All of these examples are real, documented cases. No culture change; no large-scale training programs; no programs at all.  Carefully designed, small nudge-like interventions led to dramatic improvement.

Finding the operative constraints and choosing which to nudge  involves carefully describing the desired outcome and using that as a  complexity filter.  Determining how to nudge a target constraint to  get precisely the outcome desired is a collaborative design process  involving many iterations.  It’s a tough discipline to master, but it can be done.

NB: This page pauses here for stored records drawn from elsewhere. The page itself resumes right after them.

lemma rec_row_smult: "rec_row A (\<lambda>n. c * x n) j = c * rec_row A x j"
  by (simp add: rec_row_def sum_distrib_left algebra_simps)

lemma rec_row_unit_seq:
  "rec_row A (unit_seq q) j = (if j \<le> q \<and> q \<le> j + degree A then coeff A (q - j) else 0)"
proof -
  have "rec_row A (unit_seq q) j =
      (\<Sum>i\<le>degree A. if i = q - j then (if j \<le> q then coeff A i else 0) else 0)"
    unfolding rec_row_def unit_seq_def by (rule sum.cong) auto
  also have "\<dots> = (if j \<le> q \<and> q \<le> j + degree A then coeff A (q - j) else 0)"
    by (subst sum.delta) auto
  finally show ?thesis .
qed

lemma rec_row_split_last:
  "rec_row A y j = (\<Sum>i<degree A. coeff A i * y (j + i)) + lead_coeff A * y (j + degree A)"
  by (simp add: rec_row_def lessThan_Suc_atMost[symmetric])

lemma primitive_coeff_not_dvd:
  fixes p :: int
  assumes "content A = 1" and "prime p"
  shows "\<exists>i. \<not> p dvd coeff A i"
proof (rule ccontr)
  assume "\<not> ?thesis"
  hence "[:p:] dvd A" by (simp add: const_poly_dvd_iff)
  hence "p dvd content A" by (simp add: const_poly_dvd_iff_dvd_content)
  thus False using assms not_prime_unit by auto
qed

text \<open>Modulo a prime \<open>p\<close>, the recurrence rows are triangular: if \<open>a\<^sub>s\<close> is the first coefficient
  not divisible by \<open>p\<close>, then a unit at position \<open>r + s\<close> contributes \<open>a\<^sub>s\<close> to row \<open>r\<close> and only
  multiples of \<open>p\<close> to the later rows.\<close>
lemma rec_row_unit_pivot: "s \<le> degree A \<Longrightarrow> rec_row A (unit_seq (r + s)) r = coeff A s"
  by (simp add: rec_row_unit_seq)

lemma rec_row_unit_later_rows:
  assumes "\<forall>i<s. p dvd coeff A i" and "r < j"
  shows "p dvd rec_row A (unit_seq (r + s)) j"
  using assms by (auto simp: rec_row_unit_seq)

text \<open>Hence every finite system of rows can be solved modulo \<open>p\<close>, by back substitution
  from the last row upwards.\<close>
lemma rec_rows_solvable_mod_prime:
  fixes p :: int
  assumes p: "prime p" and pivot: "\<not> p dvd coeff A s" and below: "\<forall>i<s. p dvd coeff A i"
  shows "\<exists>x. \<forall>j\<le>N. p dvd rec_row A x j - t j"
proof -
  have sd: "s \<le> degree A" using pivot by (metis dvd_0_right le_degree)
  have "coprime p (coeff A s)" using p pivot by (simp add: prime_imp_coprime)
  then obtain u v where uv: "u * coeff A s + v * p = 1"
    using bezout_int[of "coeff A s" p] by (metis coprime_iff_gcd_eq_1 gcd.commute)
  have "\<exists>x. \<forall>j. Suc N - n \<le> j \<and> j \<le> N \<longrightarrow> p dvd rec_row A x j - t j" if "n \<le> Suc N" for n
    using that
  proof (induction n)
    case 0
    then show ?case by auto
  next
    case (Suc n)
    then obtain x where x: "\<forall>j. Suc N - n \<le> j \<and> j \<le> N \<longrightarrow> p dvd rec_row A x j - t j"
      by auto
    define r where "r = N - n"
    have r: "Suc N - Suc n = r" "Suc N - n = Suc r" using Suc.prems by (auto simp: r_def)
    define w where "w = u * (t r - rec_row A x r)"
    define x' where "x' = (\<lambda>k. x k + w * unit_seq (r + s) k)"
    have row_x': "rec_row A x' j = rec_row A x j + w * rec_row A (unit_seq (r + s)) j" for j
      unfolding x'_def by (simp only: rec_row_add rec_row_smult)
    have "p dvd rec_row A x' j - t j" if "r \<le> j" "j \<le> N" for j
    proof (cases "j = r")
      case True
      have "rec_row A x' j = rec_row A x r + w * coeff A s"
        using True row_x' rec_row_unit_pivot[OF sd] by simp
      hence "rec_row A x' j - t j = (rec_row A x r - t r) * (1 - u * coeff A s)"
        using True unfolding w_def by (simp add: algebra_simps)
      also have "1 - u * coeff A s = v * p" using uv by linarith
      finally show ?thesis by simp
    next
      case False
      hence "p dvd rec_row A x j - t j" "p dvd rec_row A (unit_seq (r + s)) j"
        using x r that below rec_row_unit_later_rows by auto
      then show ?thesis using row_x'[of j]
        by (metis (no_types) add_diff_eq diff_add_eq dvd_add dvd_mult)
    qed
    then show ?case using r by metis
  qed
  from this[of "Suc N"] show ?thesis by auto
qed

lemma int_ideal_contains_one:
  fixes T :: "int set"
  assumes diff: "\<And>a b. a \<in> T \<Longrightarrow> b \<in> T \<Longrightarrow> a - b \<in> T"
    and scale: "\<And>a q. a \<in> T \<Longrightarrow> q * a \<in> T"
    and nonzero: "c \<in> T" "c \<noteq> 0"
    and not_in_prime: "\<And>p. prime p \<Longrightarrow> \<exists>a\<in>T. \<not> p dvd a"
  shows "1 \<in> T"
proof -
  define g where "g = (LEAST n::nat. n > 0 \<and> int n \<in> T)"
  have "\<bar>c\<bar> \<in> T" using scale[OF nonzero(1), of "sgn c"] by (simp add: abs_sgn mult.commute)
  hence "nat \<bar>c\<bar> > 0 \<and> int (nat \<bar>c\<bar>) \<in> T" using nonzero(2) by simp
  hence g: "g > 0" "int g \<in> T"
    using LeastI[of "\<lambda>n. n > 0 \<and> int n \<in> T"] unfolding g_def by blast+
  have g_dvd: "int g dvd a" if "a \<in> T" for a
  proof -
    have "a - (a div int g) * int g \<in> T" by (rule diff[OF that scale[OF g(2)]])
    hence in_T: "a mod int g \<in> T" by (simp add: minus_div_mult_eq_mod)
    have "\<not> (nat (a mod int g) > 0 \<and> int (nat (a mod int g)) \<in> T)"
      using not_less_Least[of "nat (a mod int g)" "\<lambda>n. n > 0 \<and> int n \<in> T"] g(1)
      unfolding g_def[symmetric] by (simp add: nat_less_iff)
    moreover have "a mod int g \<ge> 0" using g(1) by simp
    ultimately have "a mod int g = 0" using in_T by (metis int_nat_eq less_le zero_less_nat_eq)
    thus ?thesis by (simp add: dvd_eq_mod_eq_0)
  qed
  have "g = 1"
  proof (rule ccontr)
    assume "g \<noteq> 1"
    then obtain p where p: "prime p" "p dvd g" using prime_factor_nat by blast
    obtain a where "a \<in> T" "\<not> int p dvd a" using not_in_prime[of "int p"] p(1) by auto
    moreover have "int p dvd int g" using p by simp
    ultimately show False using g_dvd dvd_trans by blast
  qed
  thus ?thesis using g(2) by simp
qed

The Minimalist Intervention approach offers a new paradigm for dealing with change, flying in the face of conventional wisdom on change management. We’ve seen the approach work with remarkable consistency, both as executives facing difficult problems and as analysts working alongside Wilk to design minimalist interventions.   Kotter, Beer and Sorkin would probably laugh at the suggestion that minimalist intervention can do what is suggested here.  But “they” laughed at Galileo about the orbits of the planets; and at Lister about antiseptic medicine; and at the innovators who came up with countless other paradigm shifting theories. Wilk may have the last laugh when it comes to dealing with change.